Problem statement ▸ The material below contains a line with "(\<exists>\<pi>\<in>couplings S \<mu>" and a line with "For $q$ small". Copy exactly those two lines and all lines between them.

* * *

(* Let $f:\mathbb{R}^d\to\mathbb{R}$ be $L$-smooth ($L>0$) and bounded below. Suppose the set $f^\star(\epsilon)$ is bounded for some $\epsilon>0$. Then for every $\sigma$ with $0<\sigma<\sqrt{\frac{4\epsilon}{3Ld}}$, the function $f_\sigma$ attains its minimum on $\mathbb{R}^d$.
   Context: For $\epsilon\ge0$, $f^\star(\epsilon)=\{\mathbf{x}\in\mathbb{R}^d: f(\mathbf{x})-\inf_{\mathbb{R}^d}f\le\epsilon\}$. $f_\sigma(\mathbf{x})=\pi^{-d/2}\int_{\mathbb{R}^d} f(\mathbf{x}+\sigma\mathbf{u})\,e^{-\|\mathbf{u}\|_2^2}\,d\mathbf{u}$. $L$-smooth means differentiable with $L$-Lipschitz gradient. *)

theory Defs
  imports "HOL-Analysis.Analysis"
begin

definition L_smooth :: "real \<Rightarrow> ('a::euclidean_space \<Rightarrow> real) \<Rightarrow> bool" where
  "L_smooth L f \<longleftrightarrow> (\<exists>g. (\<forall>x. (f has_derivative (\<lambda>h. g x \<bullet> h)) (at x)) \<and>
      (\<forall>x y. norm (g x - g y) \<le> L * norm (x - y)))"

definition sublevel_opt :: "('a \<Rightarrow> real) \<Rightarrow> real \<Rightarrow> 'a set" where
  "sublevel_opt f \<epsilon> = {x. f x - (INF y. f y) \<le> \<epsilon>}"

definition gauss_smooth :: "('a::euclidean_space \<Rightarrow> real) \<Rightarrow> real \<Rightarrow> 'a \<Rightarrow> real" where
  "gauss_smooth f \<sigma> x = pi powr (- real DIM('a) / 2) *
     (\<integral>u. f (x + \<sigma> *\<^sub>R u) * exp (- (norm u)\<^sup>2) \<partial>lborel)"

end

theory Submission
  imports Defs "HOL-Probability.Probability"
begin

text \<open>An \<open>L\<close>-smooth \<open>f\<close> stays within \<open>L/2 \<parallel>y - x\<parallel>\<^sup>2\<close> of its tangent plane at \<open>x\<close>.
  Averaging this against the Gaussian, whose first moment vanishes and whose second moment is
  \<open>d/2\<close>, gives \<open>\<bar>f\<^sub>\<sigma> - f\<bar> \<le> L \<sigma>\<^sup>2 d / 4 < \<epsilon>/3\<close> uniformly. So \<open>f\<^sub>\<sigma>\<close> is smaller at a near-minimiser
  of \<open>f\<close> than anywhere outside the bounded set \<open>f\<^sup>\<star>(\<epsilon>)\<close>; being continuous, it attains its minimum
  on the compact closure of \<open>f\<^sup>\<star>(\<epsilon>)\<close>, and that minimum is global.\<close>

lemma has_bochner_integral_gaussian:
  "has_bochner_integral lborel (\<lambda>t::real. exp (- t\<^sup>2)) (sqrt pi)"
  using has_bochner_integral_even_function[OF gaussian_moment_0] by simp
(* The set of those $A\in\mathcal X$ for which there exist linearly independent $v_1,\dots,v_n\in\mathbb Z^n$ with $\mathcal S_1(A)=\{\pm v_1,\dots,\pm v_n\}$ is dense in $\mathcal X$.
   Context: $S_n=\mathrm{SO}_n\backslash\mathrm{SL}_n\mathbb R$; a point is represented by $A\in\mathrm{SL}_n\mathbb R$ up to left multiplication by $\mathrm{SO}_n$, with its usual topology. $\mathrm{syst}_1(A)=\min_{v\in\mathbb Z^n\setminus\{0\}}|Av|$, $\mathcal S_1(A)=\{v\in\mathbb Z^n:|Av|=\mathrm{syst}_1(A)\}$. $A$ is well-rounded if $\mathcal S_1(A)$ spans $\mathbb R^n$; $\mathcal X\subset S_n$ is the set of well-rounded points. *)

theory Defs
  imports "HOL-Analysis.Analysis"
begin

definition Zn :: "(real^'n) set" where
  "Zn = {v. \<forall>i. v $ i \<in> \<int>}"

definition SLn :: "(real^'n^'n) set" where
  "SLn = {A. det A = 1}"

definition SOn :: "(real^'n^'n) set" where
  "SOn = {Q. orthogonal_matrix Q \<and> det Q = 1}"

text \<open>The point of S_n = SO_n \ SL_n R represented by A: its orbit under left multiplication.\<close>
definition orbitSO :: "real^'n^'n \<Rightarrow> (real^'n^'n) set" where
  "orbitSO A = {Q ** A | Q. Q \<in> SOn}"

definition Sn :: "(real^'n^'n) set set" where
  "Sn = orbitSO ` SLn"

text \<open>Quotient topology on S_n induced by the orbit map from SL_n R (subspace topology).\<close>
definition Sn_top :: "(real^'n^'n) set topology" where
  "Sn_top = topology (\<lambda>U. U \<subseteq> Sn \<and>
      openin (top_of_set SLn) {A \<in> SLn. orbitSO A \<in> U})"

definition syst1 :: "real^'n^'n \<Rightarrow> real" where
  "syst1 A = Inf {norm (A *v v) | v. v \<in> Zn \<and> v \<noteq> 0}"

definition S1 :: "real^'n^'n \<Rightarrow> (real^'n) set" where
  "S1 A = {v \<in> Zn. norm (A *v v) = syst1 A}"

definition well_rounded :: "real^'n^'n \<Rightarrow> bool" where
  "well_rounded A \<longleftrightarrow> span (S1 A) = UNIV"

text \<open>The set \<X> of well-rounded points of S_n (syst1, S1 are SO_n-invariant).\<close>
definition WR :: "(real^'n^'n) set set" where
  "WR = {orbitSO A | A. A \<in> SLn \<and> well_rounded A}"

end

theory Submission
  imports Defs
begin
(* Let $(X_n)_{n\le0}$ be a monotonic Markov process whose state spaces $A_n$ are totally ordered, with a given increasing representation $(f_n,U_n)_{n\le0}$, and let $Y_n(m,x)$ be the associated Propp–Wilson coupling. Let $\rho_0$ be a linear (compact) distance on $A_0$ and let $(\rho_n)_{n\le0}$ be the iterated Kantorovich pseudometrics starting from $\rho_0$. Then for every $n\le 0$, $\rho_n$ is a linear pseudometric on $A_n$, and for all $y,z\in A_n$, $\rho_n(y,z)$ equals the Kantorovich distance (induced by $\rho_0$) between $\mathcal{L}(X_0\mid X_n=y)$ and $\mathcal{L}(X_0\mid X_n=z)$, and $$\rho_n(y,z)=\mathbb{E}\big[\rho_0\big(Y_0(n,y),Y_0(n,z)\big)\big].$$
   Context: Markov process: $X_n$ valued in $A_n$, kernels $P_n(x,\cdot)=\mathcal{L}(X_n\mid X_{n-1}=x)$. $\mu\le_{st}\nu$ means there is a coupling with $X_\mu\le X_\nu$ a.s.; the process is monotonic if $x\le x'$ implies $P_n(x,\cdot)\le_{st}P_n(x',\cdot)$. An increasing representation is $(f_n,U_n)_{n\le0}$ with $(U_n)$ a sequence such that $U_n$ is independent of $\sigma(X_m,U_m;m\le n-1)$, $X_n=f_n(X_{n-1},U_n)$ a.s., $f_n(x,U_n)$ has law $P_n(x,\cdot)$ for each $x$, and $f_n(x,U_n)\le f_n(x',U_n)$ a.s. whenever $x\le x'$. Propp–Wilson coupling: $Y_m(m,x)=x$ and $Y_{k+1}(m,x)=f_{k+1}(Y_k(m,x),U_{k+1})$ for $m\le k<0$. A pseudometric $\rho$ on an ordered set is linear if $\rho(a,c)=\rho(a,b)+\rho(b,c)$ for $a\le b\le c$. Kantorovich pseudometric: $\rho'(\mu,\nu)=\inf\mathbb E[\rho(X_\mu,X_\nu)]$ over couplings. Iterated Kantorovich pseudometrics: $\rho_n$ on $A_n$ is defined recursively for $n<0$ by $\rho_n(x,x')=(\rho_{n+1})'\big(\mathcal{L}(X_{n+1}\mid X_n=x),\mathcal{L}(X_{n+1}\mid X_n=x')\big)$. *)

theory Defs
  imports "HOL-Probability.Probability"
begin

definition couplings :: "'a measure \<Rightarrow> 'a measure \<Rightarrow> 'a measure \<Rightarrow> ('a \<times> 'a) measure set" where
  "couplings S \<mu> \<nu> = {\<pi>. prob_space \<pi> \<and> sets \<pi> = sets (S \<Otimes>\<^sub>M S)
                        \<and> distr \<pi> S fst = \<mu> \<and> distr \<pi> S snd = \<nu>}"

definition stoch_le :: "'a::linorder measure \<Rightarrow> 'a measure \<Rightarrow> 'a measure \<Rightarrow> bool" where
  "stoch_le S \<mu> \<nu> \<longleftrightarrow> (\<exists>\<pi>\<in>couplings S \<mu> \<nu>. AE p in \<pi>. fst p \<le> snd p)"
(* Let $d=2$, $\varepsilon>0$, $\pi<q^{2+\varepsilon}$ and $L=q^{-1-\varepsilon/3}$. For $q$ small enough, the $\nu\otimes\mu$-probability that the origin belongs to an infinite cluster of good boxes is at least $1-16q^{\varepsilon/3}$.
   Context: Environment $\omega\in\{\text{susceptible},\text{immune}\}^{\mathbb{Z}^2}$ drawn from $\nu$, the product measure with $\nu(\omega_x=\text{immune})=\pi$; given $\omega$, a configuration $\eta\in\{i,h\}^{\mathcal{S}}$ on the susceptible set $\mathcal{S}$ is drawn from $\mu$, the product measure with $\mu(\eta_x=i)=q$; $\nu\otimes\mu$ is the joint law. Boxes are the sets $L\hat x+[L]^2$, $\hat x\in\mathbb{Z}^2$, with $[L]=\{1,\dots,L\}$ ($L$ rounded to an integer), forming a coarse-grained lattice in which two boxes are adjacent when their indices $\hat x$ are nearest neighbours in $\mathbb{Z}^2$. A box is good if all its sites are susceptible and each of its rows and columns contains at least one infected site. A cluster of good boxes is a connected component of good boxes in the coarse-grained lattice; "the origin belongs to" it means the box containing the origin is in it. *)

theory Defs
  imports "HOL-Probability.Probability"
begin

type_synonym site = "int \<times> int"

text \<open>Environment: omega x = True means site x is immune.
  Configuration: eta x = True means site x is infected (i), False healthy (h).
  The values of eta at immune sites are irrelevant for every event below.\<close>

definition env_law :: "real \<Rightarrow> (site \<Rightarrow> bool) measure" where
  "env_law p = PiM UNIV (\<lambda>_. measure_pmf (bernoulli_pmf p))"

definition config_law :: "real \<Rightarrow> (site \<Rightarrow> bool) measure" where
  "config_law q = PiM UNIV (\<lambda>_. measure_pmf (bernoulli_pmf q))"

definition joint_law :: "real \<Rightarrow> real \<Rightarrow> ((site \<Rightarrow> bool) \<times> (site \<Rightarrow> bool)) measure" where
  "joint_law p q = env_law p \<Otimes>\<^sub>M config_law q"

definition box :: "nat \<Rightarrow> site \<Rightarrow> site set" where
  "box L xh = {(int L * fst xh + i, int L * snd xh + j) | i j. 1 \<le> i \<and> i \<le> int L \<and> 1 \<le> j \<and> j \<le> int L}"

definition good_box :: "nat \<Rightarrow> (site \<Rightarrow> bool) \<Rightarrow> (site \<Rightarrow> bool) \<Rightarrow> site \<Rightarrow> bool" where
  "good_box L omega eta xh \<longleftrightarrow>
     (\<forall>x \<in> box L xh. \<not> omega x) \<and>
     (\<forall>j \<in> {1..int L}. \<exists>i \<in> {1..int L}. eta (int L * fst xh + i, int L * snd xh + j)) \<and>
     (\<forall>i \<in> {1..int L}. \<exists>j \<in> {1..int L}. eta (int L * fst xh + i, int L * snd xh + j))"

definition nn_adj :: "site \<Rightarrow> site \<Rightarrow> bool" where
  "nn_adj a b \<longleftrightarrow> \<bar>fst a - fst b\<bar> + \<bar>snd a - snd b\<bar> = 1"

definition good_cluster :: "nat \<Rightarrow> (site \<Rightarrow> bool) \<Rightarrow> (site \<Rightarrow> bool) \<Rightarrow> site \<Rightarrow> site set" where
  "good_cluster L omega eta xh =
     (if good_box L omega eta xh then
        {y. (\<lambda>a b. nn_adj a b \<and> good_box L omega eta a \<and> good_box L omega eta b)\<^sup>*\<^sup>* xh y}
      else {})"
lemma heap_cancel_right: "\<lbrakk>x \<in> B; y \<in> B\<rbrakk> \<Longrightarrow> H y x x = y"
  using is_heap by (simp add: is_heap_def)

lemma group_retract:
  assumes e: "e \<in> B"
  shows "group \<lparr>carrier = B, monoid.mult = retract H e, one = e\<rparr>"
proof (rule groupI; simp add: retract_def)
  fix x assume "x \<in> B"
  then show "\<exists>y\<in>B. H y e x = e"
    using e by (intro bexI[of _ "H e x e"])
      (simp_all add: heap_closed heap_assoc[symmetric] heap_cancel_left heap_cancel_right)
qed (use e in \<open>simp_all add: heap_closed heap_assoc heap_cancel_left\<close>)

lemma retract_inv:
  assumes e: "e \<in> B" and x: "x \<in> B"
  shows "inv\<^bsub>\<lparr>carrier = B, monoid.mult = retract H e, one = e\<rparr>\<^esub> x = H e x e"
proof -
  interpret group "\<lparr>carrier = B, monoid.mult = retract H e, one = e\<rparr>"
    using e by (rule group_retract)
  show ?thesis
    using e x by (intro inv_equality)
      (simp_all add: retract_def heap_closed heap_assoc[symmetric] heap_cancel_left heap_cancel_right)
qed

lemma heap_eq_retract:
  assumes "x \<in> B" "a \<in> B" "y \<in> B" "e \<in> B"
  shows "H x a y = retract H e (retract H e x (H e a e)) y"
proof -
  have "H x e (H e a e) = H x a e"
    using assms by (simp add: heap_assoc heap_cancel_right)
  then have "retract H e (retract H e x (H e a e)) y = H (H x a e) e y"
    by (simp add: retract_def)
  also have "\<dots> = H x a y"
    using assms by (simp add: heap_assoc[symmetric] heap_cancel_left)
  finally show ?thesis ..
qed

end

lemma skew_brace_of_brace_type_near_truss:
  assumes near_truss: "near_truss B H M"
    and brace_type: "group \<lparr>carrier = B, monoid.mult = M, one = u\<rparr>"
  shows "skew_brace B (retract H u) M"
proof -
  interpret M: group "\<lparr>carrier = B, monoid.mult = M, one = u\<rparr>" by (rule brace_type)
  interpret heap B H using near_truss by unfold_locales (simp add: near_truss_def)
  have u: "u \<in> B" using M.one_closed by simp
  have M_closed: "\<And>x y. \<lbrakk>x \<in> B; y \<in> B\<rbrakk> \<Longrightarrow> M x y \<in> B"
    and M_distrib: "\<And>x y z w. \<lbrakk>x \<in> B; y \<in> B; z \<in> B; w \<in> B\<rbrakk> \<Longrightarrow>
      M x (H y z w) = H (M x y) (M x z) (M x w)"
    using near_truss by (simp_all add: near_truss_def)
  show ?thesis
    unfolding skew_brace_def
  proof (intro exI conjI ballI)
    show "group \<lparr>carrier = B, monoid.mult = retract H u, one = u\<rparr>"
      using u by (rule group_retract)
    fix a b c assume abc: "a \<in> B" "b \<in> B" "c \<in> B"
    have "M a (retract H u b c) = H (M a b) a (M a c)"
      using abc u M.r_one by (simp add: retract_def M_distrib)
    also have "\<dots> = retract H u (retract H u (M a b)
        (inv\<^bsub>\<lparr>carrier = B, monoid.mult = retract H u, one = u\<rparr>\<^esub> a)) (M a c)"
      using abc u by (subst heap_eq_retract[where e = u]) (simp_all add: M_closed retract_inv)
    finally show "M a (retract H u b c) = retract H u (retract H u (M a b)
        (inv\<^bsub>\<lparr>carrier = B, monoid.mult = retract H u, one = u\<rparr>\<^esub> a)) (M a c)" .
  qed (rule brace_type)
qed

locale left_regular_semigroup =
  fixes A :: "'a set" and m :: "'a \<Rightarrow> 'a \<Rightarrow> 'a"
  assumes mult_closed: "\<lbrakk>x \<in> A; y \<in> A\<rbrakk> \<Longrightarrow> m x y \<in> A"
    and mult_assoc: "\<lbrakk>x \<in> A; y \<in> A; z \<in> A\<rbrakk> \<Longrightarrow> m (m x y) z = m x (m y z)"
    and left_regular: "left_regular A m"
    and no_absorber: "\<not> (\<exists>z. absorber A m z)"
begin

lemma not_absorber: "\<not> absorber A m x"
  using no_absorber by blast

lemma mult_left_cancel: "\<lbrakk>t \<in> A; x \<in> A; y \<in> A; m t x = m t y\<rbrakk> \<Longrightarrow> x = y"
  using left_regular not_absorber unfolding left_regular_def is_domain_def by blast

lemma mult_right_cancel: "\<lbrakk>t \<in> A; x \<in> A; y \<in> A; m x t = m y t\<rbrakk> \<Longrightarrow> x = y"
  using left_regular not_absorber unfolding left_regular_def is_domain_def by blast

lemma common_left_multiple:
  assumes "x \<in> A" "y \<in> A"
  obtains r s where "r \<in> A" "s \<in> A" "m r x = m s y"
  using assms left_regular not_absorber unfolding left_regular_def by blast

* * *

Result of this task ▸
  "stoch_le S \<mu> \<nu> \<longleftrightarrow> (\<exists>\<pi>\<in>couplings S \<mu> \<nu>. AE p in \<pi>. fst p \<le> snd p)"
(* Let $d=2$, $\varepsilon>0$, $\pi<q^{2+\varepsilon}$ and $L=q^{-1-\varepsilon/3}$. For $q$ small enough, the $\nu\otimes\mu$-probability that the origin belongs to an infinite cluster of good boxes is at least $1-16q^{\varepsilon/3}$.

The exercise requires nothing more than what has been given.